INSTRUCTIONS FOR THE TASK -> In the lines below, look for "ennreal". Copy each line where it appears.

INPUT DATA ->
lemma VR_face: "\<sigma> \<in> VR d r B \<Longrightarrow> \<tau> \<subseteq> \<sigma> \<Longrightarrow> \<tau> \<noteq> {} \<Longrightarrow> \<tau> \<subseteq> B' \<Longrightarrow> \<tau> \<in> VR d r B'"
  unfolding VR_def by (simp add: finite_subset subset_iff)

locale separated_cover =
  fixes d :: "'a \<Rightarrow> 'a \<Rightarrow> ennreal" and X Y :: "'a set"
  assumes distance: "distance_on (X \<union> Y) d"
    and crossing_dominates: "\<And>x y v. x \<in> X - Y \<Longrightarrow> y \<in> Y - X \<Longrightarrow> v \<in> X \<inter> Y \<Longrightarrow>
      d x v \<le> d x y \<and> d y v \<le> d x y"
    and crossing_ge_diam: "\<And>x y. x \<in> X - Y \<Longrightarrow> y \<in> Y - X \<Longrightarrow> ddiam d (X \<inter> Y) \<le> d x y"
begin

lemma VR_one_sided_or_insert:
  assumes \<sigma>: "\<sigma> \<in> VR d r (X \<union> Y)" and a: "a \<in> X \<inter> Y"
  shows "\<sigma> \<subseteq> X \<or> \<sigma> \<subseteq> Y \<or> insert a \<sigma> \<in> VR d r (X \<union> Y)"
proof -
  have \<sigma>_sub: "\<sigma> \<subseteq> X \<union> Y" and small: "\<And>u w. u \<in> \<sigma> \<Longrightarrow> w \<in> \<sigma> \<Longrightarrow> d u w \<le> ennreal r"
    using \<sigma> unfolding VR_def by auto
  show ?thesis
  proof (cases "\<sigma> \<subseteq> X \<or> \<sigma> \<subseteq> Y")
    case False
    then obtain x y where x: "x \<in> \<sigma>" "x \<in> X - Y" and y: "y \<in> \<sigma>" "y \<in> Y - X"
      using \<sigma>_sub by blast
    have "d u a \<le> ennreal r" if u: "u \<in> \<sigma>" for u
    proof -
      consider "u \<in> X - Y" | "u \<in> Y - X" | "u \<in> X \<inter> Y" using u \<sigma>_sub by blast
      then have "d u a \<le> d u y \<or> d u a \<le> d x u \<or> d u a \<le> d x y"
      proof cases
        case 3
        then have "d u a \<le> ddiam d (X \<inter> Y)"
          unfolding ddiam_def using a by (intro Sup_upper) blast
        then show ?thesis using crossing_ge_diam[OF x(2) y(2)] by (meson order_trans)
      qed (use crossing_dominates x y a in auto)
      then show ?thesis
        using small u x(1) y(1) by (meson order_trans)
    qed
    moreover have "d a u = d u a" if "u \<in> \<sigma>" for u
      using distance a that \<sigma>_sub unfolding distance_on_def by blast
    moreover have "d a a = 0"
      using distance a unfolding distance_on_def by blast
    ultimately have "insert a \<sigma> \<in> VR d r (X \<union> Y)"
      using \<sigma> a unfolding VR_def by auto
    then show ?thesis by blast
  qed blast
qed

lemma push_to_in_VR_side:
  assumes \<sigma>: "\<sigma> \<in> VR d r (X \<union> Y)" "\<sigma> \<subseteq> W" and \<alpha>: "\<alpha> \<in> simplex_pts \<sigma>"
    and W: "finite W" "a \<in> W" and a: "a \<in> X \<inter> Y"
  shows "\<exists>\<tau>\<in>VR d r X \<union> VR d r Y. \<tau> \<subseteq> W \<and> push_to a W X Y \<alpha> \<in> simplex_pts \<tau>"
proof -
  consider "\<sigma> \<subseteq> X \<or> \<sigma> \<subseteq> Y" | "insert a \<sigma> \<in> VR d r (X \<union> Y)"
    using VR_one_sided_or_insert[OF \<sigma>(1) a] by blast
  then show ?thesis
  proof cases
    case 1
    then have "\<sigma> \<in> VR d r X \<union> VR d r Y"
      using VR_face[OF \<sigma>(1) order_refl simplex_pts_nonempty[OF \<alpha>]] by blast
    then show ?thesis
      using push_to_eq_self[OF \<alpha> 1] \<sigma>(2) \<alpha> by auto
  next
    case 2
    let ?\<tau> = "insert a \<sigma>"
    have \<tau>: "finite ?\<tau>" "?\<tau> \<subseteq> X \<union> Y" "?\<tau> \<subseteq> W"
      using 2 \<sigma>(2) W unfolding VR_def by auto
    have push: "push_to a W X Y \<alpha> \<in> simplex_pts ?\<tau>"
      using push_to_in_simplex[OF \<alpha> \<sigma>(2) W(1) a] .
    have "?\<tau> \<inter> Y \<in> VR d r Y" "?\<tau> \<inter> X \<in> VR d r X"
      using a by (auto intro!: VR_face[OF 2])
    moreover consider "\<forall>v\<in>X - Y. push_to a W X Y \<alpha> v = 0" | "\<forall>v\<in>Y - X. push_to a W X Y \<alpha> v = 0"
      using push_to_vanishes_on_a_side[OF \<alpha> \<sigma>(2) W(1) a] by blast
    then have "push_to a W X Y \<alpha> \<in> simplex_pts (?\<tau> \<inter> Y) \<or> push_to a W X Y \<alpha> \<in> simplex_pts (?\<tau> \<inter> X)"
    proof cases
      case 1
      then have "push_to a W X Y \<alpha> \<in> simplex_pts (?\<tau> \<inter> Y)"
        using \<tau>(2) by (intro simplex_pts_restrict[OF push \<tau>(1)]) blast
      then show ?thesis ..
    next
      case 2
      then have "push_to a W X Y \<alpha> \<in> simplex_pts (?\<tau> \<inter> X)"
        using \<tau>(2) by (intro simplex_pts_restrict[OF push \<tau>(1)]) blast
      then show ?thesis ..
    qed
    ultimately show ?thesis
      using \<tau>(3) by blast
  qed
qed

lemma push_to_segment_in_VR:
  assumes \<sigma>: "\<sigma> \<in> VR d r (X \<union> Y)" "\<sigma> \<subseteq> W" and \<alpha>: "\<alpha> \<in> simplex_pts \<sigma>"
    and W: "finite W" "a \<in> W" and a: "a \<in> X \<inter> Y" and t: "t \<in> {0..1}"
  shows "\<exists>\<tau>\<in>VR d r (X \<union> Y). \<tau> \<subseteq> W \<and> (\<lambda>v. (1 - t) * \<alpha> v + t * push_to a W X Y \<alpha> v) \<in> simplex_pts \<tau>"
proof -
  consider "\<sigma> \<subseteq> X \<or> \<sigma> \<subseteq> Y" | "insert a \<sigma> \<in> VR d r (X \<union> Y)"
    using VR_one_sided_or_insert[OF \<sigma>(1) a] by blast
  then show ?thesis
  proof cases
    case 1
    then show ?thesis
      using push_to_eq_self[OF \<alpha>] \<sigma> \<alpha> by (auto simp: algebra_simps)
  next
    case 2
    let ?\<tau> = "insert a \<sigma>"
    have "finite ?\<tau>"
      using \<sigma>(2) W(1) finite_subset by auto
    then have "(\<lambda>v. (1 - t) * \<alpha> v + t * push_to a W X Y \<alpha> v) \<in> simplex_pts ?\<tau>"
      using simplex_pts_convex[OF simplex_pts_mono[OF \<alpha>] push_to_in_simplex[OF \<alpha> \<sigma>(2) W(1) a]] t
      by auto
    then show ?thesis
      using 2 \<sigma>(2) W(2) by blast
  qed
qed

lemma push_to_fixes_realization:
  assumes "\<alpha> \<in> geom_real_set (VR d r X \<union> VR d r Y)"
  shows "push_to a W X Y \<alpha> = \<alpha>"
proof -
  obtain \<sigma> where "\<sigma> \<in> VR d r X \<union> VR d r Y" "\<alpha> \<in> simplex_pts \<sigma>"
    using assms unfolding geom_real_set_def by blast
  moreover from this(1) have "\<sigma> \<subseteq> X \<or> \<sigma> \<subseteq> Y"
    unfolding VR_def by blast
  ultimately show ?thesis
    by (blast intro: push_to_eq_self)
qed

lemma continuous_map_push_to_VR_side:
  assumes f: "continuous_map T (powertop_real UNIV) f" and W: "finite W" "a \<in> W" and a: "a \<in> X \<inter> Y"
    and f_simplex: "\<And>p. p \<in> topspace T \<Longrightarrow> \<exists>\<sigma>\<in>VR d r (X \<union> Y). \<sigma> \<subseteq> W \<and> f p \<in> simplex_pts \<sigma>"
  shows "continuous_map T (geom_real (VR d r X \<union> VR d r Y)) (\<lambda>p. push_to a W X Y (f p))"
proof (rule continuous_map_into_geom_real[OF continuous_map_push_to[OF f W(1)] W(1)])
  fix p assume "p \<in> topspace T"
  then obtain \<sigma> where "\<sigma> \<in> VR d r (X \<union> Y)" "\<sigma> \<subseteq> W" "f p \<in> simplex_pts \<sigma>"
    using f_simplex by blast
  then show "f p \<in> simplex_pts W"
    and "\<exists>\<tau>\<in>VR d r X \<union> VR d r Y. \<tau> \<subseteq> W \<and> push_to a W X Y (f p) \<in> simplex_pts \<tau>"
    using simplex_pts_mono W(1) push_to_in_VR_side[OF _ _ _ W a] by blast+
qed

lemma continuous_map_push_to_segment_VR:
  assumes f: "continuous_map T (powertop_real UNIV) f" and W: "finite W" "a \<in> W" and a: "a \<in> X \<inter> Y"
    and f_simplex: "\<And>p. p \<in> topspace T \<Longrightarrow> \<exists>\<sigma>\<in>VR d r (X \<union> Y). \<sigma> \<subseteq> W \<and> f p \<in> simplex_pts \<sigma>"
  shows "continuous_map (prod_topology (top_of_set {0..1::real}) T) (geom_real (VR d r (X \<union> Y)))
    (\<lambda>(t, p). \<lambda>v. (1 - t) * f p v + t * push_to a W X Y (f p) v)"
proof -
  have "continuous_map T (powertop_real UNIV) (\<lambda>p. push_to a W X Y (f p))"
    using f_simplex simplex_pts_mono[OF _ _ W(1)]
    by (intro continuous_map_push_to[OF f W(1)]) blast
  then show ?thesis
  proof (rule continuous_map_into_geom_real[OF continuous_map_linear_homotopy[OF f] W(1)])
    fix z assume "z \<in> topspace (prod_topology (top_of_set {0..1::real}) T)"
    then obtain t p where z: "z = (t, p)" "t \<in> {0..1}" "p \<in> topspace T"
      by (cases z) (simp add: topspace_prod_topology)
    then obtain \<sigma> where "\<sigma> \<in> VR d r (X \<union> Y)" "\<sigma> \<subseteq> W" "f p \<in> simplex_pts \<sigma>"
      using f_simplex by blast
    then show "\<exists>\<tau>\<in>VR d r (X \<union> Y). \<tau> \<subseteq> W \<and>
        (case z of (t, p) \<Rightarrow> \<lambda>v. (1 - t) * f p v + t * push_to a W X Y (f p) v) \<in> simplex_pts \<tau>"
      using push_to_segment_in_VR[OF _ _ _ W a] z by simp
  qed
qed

ANSWER FOR THE TASK ->
  fixes d :: "'a \<Rightarrow> 'a \<Rightarrow> ennreal" and X Y :: "'a set"
  have \<sigma>_sub: "\<sigma> \<subseteq> X \<union> Y" and small: "\<And>u w. u \<in> \<sigma> \<Longrightarrow> w \<in> \<sigma> \<Longrightarrow> d u w \<le> ennreal r"
    have "d u a \<le> ennreal r" if u: "u \<in> \<sigma>" for u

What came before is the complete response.